Prompt.
Filter these records by the string "exists", copying each line that holds it.

Records shown.
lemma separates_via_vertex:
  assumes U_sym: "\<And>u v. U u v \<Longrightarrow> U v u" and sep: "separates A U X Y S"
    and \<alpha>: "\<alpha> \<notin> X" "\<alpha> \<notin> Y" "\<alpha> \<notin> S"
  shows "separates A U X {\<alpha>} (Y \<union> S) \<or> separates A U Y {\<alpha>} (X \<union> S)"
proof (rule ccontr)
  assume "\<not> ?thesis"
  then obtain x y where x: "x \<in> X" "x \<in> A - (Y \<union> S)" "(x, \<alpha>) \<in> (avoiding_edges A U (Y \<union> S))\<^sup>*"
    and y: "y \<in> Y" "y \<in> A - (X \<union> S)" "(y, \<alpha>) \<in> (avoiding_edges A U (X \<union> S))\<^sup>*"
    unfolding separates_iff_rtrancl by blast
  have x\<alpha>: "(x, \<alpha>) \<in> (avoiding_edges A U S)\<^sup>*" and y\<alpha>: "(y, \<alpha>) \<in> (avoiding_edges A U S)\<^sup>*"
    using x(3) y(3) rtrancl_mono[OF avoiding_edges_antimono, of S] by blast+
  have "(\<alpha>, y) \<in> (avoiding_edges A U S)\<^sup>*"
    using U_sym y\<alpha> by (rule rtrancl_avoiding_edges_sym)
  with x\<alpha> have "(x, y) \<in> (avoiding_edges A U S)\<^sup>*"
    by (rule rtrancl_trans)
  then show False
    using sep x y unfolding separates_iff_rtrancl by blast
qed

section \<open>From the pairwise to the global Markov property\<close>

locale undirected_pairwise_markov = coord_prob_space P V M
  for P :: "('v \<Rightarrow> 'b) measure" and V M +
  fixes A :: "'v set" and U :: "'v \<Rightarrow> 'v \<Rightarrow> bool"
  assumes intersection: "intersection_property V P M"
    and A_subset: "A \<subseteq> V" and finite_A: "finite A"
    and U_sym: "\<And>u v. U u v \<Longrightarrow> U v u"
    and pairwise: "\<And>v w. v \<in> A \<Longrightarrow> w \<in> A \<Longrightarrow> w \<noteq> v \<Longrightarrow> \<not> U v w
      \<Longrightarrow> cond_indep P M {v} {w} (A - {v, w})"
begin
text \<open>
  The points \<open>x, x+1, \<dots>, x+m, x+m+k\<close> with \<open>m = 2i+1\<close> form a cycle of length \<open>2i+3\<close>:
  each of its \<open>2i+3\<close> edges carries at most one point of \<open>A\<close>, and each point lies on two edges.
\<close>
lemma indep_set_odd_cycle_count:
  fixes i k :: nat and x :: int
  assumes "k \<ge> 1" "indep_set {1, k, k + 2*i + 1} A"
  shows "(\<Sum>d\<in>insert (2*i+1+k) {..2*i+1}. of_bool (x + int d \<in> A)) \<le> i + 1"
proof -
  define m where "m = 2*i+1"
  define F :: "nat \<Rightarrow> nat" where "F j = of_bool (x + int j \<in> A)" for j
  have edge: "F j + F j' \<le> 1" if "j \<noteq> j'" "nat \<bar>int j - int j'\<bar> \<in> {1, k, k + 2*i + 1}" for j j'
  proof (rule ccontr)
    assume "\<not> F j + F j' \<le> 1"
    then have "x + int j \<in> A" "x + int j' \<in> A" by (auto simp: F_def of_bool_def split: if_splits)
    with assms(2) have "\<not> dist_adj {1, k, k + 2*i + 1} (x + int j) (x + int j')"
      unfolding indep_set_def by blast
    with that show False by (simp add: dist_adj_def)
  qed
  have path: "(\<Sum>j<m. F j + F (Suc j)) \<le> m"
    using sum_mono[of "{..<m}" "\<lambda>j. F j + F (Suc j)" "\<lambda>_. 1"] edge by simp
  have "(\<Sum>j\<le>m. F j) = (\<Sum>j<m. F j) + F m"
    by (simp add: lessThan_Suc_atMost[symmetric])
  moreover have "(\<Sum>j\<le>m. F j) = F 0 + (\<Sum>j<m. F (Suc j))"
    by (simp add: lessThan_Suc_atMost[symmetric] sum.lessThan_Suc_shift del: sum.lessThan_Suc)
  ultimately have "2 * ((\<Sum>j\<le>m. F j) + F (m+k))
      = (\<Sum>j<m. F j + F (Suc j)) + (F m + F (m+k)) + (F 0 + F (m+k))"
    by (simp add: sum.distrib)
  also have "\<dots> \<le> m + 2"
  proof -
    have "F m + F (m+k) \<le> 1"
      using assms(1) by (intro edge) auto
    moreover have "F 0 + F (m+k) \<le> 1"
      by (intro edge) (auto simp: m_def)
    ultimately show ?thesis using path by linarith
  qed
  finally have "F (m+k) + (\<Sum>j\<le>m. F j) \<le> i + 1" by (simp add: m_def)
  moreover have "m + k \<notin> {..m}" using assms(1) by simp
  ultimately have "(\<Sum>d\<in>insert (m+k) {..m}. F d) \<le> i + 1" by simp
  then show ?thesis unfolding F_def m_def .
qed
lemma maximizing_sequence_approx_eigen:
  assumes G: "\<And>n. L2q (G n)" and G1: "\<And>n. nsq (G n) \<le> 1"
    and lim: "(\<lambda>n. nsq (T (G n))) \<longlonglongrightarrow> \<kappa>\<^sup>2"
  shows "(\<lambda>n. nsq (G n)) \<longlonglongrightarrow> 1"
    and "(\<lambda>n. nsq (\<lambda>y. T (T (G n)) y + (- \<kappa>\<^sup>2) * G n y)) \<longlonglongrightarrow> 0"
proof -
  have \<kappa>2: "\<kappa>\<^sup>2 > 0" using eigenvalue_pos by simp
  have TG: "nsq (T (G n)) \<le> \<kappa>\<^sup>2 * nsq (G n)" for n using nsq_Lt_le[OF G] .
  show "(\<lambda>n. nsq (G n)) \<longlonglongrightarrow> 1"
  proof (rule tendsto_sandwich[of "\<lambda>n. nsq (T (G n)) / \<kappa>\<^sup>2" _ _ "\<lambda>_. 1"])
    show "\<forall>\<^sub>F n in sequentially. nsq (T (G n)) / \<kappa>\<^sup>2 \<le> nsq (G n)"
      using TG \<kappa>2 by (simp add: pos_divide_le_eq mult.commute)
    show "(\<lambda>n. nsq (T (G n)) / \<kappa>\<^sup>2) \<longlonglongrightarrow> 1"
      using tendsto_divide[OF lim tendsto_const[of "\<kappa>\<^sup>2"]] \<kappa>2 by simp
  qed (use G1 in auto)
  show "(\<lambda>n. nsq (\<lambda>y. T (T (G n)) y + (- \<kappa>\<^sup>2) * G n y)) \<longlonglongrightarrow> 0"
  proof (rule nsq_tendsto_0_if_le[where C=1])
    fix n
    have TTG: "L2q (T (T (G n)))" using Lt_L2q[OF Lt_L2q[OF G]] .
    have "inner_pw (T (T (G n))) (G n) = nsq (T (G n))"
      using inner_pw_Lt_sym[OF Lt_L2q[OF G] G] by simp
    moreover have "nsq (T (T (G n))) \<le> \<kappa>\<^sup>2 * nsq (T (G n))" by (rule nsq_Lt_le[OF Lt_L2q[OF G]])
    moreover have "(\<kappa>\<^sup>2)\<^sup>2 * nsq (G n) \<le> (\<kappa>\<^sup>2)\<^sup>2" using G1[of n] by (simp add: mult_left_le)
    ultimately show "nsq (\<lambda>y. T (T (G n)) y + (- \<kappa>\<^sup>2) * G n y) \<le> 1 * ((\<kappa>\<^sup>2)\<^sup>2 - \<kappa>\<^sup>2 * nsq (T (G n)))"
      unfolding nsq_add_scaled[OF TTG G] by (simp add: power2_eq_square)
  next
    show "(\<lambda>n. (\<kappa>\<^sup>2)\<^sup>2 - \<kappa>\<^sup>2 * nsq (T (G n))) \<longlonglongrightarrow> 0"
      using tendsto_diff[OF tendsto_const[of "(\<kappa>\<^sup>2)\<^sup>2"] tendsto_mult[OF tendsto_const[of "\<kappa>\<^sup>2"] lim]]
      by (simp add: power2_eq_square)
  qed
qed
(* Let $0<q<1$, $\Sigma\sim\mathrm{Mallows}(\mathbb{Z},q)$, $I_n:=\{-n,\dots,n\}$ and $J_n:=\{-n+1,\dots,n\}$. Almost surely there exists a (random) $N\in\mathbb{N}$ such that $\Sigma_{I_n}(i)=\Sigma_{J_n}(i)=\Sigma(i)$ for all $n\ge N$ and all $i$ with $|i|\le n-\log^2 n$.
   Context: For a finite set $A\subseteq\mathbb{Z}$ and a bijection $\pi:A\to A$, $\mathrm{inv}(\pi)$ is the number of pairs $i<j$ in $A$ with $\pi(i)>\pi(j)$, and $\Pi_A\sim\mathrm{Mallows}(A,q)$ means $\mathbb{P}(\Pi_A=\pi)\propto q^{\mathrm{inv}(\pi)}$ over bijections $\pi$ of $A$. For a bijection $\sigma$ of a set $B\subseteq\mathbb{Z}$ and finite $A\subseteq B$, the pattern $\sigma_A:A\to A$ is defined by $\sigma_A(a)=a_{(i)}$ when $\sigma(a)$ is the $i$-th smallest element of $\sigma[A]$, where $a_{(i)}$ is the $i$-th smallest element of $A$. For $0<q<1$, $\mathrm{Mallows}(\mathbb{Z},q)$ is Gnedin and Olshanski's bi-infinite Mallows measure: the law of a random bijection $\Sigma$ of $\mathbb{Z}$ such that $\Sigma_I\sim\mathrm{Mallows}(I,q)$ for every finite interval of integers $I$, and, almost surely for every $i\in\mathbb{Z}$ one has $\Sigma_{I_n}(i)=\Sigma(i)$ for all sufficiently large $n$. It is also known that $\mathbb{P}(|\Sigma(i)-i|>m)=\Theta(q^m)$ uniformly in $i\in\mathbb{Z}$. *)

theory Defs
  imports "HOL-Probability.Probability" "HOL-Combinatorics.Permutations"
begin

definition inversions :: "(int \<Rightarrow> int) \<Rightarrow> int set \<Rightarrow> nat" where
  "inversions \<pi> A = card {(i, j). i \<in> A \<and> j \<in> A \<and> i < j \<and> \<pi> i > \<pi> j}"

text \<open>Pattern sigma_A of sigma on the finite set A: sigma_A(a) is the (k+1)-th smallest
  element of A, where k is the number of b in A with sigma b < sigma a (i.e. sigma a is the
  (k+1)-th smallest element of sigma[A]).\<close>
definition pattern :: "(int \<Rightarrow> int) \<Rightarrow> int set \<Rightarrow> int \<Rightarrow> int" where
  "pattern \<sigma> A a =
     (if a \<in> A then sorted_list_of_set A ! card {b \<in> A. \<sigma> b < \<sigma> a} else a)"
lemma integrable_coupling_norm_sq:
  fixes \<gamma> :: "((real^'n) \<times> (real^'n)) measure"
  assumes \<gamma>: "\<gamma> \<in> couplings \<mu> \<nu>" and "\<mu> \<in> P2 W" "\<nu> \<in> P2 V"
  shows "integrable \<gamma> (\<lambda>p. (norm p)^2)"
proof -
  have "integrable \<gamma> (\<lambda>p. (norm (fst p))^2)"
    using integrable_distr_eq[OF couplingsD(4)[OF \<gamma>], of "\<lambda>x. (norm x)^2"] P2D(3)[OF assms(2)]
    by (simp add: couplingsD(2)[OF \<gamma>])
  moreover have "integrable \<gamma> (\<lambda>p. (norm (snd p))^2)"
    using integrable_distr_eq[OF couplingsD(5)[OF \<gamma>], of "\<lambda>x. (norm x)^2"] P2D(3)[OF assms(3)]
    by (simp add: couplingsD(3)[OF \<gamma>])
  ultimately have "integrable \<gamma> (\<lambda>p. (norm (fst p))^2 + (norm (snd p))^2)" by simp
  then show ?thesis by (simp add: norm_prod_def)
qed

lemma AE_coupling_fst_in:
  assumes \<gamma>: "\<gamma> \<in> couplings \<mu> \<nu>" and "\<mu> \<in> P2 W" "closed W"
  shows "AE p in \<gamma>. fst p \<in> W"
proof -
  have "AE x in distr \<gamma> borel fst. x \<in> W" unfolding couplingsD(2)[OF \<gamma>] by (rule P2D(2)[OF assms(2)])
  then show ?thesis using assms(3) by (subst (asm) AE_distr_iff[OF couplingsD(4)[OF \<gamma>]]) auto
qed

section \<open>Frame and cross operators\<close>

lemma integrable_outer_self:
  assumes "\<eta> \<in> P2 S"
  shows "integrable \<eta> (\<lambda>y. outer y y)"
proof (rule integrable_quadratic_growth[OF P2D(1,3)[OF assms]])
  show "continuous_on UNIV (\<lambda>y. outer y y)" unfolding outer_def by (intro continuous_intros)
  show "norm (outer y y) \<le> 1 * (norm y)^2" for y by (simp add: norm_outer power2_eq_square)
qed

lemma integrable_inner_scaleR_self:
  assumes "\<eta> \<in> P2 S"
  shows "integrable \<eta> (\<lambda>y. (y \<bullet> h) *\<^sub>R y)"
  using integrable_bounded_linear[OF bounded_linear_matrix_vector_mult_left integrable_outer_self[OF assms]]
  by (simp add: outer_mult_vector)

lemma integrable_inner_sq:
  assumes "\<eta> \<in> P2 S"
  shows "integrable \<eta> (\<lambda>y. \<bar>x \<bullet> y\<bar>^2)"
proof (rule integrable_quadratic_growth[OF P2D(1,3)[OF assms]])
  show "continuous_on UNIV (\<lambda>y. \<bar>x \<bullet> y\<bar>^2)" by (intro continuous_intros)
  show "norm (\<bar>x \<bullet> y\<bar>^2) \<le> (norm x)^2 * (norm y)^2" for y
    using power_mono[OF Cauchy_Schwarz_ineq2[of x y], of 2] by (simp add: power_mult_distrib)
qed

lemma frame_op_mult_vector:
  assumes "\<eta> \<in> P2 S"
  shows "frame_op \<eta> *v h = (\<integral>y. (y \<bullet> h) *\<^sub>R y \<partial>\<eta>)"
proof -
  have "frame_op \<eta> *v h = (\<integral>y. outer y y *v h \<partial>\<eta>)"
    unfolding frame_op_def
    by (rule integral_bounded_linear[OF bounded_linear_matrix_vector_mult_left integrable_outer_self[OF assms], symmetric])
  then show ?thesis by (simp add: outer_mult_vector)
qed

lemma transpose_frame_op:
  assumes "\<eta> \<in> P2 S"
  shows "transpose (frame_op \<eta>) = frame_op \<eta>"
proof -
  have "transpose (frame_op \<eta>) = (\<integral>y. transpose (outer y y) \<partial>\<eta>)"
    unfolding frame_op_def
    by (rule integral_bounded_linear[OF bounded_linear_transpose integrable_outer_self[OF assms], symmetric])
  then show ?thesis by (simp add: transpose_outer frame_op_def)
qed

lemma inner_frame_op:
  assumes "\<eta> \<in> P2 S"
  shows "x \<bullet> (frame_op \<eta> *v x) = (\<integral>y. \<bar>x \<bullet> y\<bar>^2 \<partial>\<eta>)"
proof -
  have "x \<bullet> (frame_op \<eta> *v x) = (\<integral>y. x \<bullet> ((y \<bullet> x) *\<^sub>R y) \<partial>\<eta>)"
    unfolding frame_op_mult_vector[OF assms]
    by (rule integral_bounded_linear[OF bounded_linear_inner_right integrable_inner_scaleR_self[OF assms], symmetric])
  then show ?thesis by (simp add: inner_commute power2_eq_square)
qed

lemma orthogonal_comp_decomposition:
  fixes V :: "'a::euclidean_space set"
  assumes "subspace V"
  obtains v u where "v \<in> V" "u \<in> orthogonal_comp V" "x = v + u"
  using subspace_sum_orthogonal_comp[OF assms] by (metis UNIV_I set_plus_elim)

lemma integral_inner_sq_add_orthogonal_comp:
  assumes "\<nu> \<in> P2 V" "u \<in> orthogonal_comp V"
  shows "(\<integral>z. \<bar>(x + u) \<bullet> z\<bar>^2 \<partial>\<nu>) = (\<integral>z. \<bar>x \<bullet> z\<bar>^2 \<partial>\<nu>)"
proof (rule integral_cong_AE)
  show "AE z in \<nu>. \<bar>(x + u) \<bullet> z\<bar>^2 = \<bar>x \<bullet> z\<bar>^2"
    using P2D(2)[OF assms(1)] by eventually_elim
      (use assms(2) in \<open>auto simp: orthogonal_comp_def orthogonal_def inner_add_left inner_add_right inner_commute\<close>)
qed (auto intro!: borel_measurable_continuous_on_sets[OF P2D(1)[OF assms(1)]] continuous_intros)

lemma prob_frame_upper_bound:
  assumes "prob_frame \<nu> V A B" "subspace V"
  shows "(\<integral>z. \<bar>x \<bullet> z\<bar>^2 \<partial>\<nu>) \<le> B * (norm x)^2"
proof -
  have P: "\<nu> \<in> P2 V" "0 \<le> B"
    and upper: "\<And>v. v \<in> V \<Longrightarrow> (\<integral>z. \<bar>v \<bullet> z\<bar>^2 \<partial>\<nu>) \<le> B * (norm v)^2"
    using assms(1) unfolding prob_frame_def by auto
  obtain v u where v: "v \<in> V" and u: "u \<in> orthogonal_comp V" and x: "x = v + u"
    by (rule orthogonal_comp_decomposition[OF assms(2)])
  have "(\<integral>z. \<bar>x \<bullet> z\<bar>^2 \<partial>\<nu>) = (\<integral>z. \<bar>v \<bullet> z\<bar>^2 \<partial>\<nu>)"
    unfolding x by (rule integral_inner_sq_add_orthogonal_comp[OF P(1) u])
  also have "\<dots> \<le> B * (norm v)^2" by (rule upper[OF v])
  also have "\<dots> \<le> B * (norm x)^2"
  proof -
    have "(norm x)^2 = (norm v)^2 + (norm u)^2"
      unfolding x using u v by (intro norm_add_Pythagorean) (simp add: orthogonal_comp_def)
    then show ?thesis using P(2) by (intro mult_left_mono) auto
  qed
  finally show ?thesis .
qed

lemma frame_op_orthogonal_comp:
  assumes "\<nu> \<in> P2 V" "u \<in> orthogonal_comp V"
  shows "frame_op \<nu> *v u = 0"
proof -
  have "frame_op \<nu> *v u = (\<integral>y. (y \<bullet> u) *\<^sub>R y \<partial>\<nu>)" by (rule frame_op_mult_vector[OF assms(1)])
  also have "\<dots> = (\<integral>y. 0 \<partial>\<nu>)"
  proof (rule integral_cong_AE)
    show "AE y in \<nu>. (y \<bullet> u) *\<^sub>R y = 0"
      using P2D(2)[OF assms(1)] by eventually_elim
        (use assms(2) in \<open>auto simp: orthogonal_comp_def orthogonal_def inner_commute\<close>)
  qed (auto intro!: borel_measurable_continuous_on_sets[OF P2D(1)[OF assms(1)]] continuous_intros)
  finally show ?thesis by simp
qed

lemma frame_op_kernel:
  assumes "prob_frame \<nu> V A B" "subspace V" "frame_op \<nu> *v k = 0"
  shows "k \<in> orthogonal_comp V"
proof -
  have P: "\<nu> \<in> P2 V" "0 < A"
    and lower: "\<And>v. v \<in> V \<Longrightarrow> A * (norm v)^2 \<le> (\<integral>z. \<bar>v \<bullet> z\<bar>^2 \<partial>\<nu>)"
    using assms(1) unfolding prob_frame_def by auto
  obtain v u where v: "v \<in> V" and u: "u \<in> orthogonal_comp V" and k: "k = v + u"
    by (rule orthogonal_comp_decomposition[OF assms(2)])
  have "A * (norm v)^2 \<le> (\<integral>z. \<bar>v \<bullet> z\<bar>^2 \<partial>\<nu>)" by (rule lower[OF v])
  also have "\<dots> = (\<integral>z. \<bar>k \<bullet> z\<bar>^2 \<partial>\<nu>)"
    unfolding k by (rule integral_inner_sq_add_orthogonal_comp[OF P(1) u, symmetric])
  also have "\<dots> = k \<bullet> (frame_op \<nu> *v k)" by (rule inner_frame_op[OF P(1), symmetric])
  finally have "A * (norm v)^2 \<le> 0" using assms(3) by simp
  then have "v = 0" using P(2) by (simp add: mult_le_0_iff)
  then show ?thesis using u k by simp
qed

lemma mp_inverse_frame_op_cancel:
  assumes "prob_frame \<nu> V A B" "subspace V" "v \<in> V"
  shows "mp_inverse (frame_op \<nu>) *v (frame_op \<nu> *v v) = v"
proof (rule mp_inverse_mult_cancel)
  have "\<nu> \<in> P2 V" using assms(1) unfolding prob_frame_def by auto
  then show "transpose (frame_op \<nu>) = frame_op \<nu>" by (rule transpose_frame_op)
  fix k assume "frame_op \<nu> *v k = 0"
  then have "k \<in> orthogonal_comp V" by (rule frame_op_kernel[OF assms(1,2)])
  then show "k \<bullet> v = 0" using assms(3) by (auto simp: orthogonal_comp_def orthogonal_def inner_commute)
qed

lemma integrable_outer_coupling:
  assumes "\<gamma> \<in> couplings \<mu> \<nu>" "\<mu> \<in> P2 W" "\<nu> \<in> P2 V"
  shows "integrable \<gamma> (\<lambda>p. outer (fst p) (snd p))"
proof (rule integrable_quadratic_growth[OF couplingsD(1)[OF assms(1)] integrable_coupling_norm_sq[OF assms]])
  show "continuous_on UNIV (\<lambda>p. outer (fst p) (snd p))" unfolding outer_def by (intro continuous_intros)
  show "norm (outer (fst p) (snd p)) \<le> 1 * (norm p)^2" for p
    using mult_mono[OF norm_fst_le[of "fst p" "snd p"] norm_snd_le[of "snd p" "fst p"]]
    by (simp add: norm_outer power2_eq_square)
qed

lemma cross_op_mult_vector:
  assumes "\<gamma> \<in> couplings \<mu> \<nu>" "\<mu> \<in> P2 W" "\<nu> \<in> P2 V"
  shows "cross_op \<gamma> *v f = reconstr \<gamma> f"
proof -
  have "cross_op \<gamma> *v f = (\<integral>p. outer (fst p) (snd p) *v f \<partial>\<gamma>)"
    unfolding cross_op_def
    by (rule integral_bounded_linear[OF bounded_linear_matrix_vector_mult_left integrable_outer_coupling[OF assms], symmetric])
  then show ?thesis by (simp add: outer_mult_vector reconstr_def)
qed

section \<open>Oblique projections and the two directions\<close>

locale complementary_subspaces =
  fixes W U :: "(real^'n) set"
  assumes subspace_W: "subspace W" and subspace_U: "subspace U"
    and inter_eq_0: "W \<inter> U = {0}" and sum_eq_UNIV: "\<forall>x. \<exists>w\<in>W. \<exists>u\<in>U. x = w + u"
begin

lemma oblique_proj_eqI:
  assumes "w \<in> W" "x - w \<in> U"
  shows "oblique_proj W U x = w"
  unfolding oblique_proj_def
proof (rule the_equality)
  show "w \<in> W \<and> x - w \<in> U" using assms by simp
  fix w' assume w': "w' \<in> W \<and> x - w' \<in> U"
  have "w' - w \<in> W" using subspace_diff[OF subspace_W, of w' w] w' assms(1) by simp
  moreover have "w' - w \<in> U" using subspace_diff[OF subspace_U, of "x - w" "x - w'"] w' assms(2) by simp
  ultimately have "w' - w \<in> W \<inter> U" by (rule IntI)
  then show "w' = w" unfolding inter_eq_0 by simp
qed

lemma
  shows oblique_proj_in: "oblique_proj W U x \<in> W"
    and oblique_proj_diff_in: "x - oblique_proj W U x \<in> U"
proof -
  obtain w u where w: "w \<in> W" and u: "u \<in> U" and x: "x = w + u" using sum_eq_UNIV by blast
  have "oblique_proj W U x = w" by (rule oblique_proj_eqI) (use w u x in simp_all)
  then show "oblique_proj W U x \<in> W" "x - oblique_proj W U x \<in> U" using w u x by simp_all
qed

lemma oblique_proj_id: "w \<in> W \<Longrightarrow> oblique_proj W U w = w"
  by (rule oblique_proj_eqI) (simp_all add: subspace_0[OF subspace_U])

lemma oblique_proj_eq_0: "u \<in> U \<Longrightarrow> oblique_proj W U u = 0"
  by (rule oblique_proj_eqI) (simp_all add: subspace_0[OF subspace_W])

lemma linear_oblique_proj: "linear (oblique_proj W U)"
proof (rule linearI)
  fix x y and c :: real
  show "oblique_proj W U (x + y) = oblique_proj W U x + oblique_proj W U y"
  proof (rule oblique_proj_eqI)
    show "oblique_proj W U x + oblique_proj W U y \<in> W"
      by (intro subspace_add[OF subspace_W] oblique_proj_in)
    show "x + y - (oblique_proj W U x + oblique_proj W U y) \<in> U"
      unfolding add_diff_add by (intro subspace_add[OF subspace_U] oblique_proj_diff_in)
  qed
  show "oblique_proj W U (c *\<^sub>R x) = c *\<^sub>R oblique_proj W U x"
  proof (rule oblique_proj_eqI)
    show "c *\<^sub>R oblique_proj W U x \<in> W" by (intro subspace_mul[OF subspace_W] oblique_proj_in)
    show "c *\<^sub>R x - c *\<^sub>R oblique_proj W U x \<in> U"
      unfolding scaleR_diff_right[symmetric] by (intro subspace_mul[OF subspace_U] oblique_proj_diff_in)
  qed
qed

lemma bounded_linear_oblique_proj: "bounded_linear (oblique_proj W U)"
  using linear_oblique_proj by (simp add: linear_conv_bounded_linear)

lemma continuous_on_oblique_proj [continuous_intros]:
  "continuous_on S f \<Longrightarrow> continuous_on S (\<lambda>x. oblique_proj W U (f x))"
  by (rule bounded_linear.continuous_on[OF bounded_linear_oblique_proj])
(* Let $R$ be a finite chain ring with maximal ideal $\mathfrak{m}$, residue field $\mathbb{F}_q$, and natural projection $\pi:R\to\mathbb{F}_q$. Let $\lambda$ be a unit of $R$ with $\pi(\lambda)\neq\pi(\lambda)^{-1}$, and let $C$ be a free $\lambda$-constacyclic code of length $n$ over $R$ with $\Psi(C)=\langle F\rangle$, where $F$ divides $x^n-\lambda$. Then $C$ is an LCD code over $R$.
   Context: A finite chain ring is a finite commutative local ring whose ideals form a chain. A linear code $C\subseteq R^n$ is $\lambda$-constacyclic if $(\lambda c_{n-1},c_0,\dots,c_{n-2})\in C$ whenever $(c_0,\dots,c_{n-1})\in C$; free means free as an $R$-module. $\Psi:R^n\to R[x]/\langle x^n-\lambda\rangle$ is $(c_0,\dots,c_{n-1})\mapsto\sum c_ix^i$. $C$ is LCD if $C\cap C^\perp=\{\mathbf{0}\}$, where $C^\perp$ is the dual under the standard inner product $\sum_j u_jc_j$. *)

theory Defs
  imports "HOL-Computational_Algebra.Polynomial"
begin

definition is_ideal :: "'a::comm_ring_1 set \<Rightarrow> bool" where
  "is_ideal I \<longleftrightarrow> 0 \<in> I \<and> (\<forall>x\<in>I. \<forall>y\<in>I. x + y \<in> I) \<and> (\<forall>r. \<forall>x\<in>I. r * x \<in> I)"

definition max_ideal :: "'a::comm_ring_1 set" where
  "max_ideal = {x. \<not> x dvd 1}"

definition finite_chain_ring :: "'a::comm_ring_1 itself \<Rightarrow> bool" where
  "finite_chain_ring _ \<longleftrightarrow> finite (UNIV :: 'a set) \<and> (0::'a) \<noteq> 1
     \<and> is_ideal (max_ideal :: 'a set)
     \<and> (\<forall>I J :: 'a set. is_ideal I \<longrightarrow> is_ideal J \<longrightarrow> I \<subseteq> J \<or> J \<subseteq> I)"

Solution below.
(* Let $0<q<1$, $\Sigma\sim\mathrm{Mallows}(\mathbb{Z},q)$, $I_n:=\{-n,\dots,n\}$ and $J_n:=\{-n+1,\dots,n\}$. Almost surely there exists a (random) $N\in\mathbb{N}$ such that $\Sigma_{I_n}(i)=\Sigma_{J_n}(i)=\Sigma(i)$ for all $n\ge N$ and all $i$ with $|i|\le n-\log^2 n$.
    and inter_eq_0: "W \<inter> U = {0}" and sum_eq_UNIV: "\<forall>x. \<exists>w\<in>W. \<exists>u\<in>U. x = w + u"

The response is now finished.